(Beginning of EXTRACTED MATERIAL)
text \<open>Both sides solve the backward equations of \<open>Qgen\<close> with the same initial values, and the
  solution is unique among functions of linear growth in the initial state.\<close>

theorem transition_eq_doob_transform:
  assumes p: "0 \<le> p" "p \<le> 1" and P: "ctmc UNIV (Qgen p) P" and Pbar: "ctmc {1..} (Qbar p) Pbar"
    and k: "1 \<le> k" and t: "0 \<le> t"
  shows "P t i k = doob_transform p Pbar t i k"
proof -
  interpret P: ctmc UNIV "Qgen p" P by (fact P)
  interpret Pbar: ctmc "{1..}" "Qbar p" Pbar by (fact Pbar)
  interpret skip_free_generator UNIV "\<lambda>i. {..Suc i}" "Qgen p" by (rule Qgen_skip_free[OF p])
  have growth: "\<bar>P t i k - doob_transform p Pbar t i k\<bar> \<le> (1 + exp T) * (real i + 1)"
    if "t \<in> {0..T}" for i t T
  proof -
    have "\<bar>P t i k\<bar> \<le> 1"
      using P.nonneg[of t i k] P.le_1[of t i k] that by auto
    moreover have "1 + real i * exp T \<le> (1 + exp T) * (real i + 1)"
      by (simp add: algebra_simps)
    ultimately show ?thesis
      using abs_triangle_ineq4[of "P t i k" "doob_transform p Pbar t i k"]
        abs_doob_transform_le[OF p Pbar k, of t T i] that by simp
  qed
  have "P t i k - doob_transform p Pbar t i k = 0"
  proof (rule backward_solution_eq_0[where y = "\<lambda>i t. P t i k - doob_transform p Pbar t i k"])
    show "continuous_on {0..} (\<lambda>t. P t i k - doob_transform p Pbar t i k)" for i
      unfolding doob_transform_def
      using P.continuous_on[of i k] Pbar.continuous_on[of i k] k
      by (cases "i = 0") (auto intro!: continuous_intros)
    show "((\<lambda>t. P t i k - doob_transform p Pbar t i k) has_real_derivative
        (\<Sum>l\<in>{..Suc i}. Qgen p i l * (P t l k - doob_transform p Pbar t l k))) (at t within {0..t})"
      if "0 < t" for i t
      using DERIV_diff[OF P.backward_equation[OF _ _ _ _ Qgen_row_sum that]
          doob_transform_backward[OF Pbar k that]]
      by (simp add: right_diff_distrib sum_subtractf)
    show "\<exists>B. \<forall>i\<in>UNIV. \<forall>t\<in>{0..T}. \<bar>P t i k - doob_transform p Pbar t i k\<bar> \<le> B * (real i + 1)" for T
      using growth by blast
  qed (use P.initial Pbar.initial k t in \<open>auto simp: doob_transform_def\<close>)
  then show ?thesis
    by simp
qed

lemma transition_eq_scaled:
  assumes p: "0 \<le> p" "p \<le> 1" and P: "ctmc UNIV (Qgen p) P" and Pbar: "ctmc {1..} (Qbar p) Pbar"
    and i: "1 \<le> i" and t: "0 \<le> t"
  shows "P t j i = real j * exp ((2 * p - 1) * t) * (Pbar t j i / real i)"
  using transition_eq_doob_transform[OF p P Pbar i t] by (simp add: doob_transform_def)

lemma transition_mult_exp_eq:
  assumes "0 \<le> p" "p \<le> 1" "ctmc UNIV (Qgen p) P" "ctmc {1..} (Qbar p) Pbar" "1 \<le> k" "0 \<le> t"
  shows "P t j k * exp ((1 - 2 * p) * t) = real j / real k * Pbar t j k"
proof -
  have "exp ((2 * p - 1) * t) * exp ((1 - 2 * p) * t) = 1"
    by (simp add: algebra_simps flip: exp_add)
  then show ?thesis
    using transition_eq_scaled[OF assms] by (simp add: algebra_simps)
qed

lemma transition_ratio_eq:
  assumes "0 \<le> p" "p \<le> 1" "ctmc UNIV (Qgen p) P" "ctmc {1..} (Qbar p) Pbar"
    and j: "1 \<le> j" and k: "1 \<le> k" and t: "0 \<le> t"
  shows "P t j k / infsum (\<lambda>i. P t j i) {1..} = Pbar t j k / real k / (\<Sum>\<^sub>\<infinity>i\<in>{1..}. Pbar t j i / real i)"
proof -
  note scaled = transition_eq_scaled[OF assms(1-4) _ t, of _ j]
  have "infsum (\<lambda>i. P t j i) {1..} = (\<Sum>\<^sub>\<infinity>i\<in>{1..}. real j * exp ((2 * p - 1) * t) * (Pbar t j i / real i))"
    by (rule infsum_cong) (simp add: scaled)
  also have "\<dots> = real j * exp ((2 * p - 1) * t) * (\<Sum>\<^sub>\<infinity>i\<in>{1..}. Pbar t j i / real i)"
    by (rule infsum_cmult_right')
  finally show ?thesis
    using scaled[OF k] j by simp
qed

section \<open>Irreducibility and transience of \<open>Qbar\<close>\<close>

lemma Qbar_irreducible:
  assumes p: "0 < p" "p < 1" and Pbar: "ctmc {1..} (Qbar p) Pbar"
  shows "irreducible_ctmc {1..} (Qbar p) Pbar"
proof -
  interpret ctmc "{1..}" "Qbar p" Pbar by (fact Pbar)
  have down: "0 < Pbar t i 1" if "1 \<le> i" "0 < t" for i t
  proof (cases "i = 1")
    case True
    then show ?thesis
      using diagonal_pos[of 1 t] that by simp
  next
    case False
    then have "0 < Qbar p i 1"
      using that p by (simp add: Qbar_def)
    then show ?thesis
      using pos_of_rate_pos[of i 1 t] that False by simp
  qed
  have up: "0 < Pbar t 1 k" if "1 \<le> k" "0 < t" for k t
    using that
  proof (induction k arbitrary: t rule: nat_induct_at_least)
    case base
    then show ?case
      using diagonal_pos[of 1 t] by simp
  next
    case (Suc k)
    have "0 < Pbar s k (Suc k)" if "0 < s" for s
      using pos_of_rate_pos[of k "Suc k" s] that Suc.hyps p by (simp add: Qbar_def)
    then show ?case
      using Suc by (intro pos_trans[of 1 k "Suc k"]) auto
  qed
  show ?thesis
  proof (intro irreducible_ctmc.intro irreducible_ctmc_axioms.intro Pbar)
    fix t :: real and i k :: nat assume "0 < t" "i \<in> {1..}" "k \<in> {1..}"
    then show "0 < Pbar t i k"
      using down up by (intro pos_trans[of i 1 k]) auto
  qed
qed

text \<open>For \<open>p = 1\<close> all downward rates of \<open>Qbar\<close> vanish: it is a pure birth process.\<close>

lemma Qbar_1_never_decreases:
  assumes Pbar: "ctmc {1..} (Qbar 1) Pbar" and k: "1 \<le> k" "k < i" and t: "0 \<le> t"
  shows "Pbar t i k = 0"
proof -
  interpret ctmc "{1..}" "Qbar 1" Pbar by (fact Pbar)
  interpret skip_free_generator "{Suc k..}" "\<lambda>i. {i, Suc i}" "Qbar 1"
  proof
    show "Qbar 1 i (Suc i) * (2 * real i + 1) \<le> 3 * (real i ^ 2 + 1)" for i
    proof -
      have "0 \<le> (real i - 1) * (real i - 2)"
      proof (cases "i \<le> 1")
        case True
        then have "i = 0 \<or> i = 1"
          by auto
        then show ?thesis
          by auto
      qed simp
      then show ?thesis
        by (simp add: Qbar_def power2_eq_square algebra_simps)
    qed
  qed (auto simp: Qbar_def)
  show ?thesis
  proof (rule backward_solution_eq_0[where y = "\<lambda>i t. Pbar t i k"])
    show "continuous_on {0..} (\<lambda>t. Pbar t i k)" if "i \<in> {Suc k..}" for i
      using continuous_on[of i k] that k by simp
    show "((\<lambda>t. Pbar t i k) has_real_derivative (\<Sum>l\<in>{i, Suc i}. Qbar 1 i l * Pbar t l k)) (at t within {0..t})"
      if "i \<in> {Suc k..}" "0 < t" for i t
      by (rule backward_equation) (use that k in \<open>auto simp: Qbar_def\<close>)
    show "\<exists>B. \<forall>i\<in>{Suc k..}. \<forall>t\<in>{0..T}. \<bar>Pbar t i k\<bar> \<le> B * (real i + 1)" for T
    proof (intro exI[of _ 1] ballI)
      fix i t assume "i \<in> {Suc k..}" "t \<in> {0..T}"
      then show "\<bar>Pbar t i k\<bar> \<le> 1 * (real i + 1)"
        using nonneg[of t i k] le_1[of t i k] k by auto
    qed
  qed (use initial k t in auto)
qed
(End of EXTRACTED MATERIAL)
TRY IT: The lines to copy are those above that contain "where".

TASK SOLUTION:
  proof (rule backward_solution_eq_0[where y = "\<lambda>i t. P t i k - doob_transform p Pbar t i k"])
  proof (rule backward_solution_eq_0[where y = "\<lambda>i t. Pbar t i k"])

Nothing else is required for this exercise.